What the task requires - Filter the records for "noteq" and keep each line that has it.
________________________________________
(* There is a constant $\epsilon_0>0$ such that for every $0<\epsilon\le\epsilon_0$ and all sufficiently large $n$, for all but an $o(1)$ fraction of the subsets $P\subseteq\{0,1\}^n$ with $|P|=2^{n/20}$, no quantum property tester for $P$ with distance parameter $\epsilon$ makes at most $n/400$ queries. In particular, most properties with $2^{n/20}$ elements require quantum property testers with $\Omega(n)$ queries.
   Context: $x\in\{0,1\}^n$ is $\epsilon$-far from $P$ if it differs from every element of $P$ in more than $\epsilon n$ positions. A quantum property tester for $P$ with distance parameter $\epsilon$ is a quantum algorithm accessing $x$ through the oracle $O_x:\lvert i,b,z\rangle\mapsto\lvert i,b\oplus x_i,z\rangle$ that accepts every $x\in P$ with probability $\ge2/3$ and every $\epsilon$-far $x$ with probability $\le1/3$; its complexity is the number of oracle queries. *)

theory Defs
  imports Complex_Main
begin

(* Inputs x in {0,1}^n are boolean lists of length n (True = 1).
 The Hilbert space of a query algorithm with workspace dimension m has
 computational basis |i,b,z> with i < n, b a bit, z < m.*)

type_synonym qbasis = "nat \<times> bool \<times> nat"
type_synonym qvec = "qbasis \<Rightarrow> complex"
type_synonym qmat = "qbasis \<Rightarrow> qbasis \<Rightarrow> complex"

definition cube :: "nat \<Rightarrow> bool list set" where
  "cube n = {x. length x = n}"

definition hamming :: "nat \<Rightarrow> bool list \<Rightarrow> bool list \<Rightarrow> nat" where
  "hamming n x y = card {i. i < n \<and> x ! i \<noteq> y ! i}"

definition eps_far :: "nat \<Rightarrow> real \<Rightarrow> bool list set \<Rightarrow> bool list \<Rightarrow> bool" where
  "eps_far n \<epsilon> P x \<longleftrightarrow> (\<forall>y\<in>P. real (hamming n x y) > \<epsilon> * real n)"

definition qbase :: "nat \<Rightarrow> nat \<Rightarrow> qbasis set" where
  "qbase n m = {0..<n} \<times> UNIV \<times> {0..<m}"

definition mat_app :: "qbasis set \<Rightarrow> qmat \<Rightarrow> qvec \<Rightarrow> qvec" where
  "mat_app B U v = (\<lambda>s. if s \<in> B then (\<Sum>t\<in>B. U s t * v t) else 0)"

definition unitary_on :: "qbasis set \<Rightarrow> qmat \<Rightarrow> bool" where
  "unitary_on B U \<longleftrightarrow>
     (\<forall>s\<in>B. \<forall>t\<in>B. (\<Sum>r\<in>B. cnj (U r s) * U r t) = (if s = t then 1 else 0))"

definition query_op :: "bool list \<Rightarrow> qvec \<Rightarrow> qvec" where
  "query_op x v = (\<lambda>(i, b, z). v (i, b \<noteq> x ! i, z))"

definition init_state :: qvec where
  "init_state = (\<lambda>s. if s = (0, False, 0) then 1 else 0)"

fun qstate :: "nat \<Rightarrow> nat \<Rightarrow> (nat \<Rightarrow> qmat) \<Rightarrow> bool list \<Rightarrow> nat \<Rightarrow> qvec" where
  "qstate n m U x 0 = mat_app (qbase n m) (U 0) init_state"
| "qstate n m U x (Suc k) = mat_app (qbase n m) (U (Suc k)) (query_op x (qstate n m U x k))"

definition accept_prob ::
  "nat \<Rightarrow> nat \<Rightarrow> (nat \<Rightarrow> qmat) \<Rightarrow> qbasis set \<Rightarrow> nat \<Rightarrow> bool list \<Rightarrow> real" where
  "accept_prob n m U Acc T x = (\<Sum>s\<in>qbase n m \<inter> Acc. (cmod (qstate n m U x T s))\<^sup>2)"

definition quantum_tester ::
  "nat \<Rightarrow> bool list set \<Rightarrow> real \<Rightarrow> nat \<Rightarrow> (nat \<Rightarrow> qmat) \<Rightarrow> qbasis set \<Rightarrow> nat \<Rightarrow> bool" where
  "quantum_tester n P \<epsilon> m U Acc T \<longleftrightarrow>
     m \<ge> 1 \<and> (\<forall>k\<le>T. unitary_on (qbase n m) (U k)) \<and>
     (\<forall>x\<in>cube n. x \<in> P \<longrightarrow> accept_prob n m U Acc T x \<ge> 2/3) \<and>
     (\<forall>x\<in>cube n. eps_far n \<epsilon> P x \<longrightarrow> accept_prob n m U Acc T x \<le> 1/3)"

definition has_tester_with_queries :: "nat \<Rightarrow> bool list set \<Rightarrow> real \<Rightarrow> real \<Rightarrow> bool" where
  "has_tester_with_queries n P \<epsilon> q \<longleftrightarrow>
     (\<exists>m U Acc T. real T \<le> q \<and> quantum_tester n P \<epsilon> m U Acc T)"

definition props_of_size :: "nat \<Rightarrow> nat \<Rightarrow> bool list set set" where
  "props_of_size n k = {P. P \<subseteq> cube n \<and> card P = k}"

end

(* Polynomial method: the acceptance probability of a T-query algorithm is a real multilinear
   polynomial of degree at most 2T in the input bits, so the inputs it accepts with probability
   above 1/2 form a threshold set S of a polynomial of degree at most 2T. Such threshold sets
   have VC dimension at most the number D of monomials of degree at most 2T (Dudley), hence by
   the Sauer-Shelah-Pajor lemma there are at most 3 (2^n)^D of them. A tester for P has P a
   subset of S, and S inside the union of the Hamming balls of radius eps n around P, so
   |S| <= |P| |ball|. Thus a testable P of size K is a K-subset of one of few small sets, and at
   most 3 (2^n)^D (K |ball|)^K of the at least (2^n/K)^K properties of size K are testable.
   For K = 2^(n/20), T <= n/400 and eps <= 1/100 this fraction is at most
   2^(n 2^(153 n / 3200) - n 2^(n/20) / 4), which tends to 0. *)

theory Submission
  imports Defs "HOL-Analysis.Analysis" "HOL-Real_Asymp.Real_Asymp"
begin

section \<open>Multilinear polynomials on the Boolean cube\<close>

definition cube_monomial :: "nat set \<Rightarrow> bool list \<Rightarrow> 'a::comm_ring_1" where
  "cube_monomial S x = of_bool (\<forall>i\<in>S. x ! i)"

definition index_sets_le :: "nat \<Rightarrow> nat \<Rightarrow> nat set set" where
  "index_sets_le n d = {S. S \<subseteq> {..<n} \<and> card S \<le> d}"

definition cube_degree_le :: "nat \<Rightarrow> nat \<Rightarrow> (bool list \<Rightarrow> 'a::comm_ring_1) \<Rightarrow> bool" where
  "cube_degree_le n d f \<longleftrightarrow>
     (\<exists>c. \<forall>x\<in>cube n. f x = (\<Sum>S\<in>index_sets_le n d. c S * cube_monomial S x))"

lemma finite_index_sets_le: "finite (index_sets_le n d)"
  unfolding index_sets_le_def by (rule finite_subset[of _ "Pow {..<n}"]) auto

lemma empty_in_index_sets_le: "{} \<in> index_sets_le n d"
  by (simp add: index_sets_le_def)

lemma cube_monomial_empty [simp]: "cube_monomial {} x = 1"
  by (simp add: cube_monomial_def)

lemma cube_monomial_Un: "cube_monomial (S \<union> T) x = cube_monomial S x * cube_monomial T x"
  by (simp add: cube_monomial_def of_bool_conj[symmetric] ball_Un)

lemma cube_monomial_complex [simp]:
  "cnj (cube_monomial S x) = cube_monomial S x"
  "Re (cube_monomial S x) = cube_monomial S x"
  "Im (cube_monomial S x) = 0"
  by (simp_all add: cube_monomial_def)

lemma cube_degree_le_cong:
  "cube_degree_le n d f \<Longrightarrow> (\<And>x. x \<in> cube n \<Longrightarrow> f x = g x) \<Longrightarrow> cube_degree_le n d g"
  unfolding cube_degree_le_def by metis

lemma cube_degree_le_monomial: "S \<in> index_sets_le n d \<Longrightarrow> cube_degree_le n d (cube_monomial S)"
  unfolding cube_degree_le_def
  by (rule exI[of _ "\<lambda>T. of_bool (T = S)"])
     (simp add: of_bool_def if_distrib[of "\<lambda>a. a * _"] finite_index_sets_le cong: if_cong)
________________________________________
The completed task -
  "hamming n x y = card {i. i < n \<and> x ! i \<noteq> y ! i}"
  "query_op x v = (\<lambda>(i, b, z). v (i, b \<noteq> x ! i, z))"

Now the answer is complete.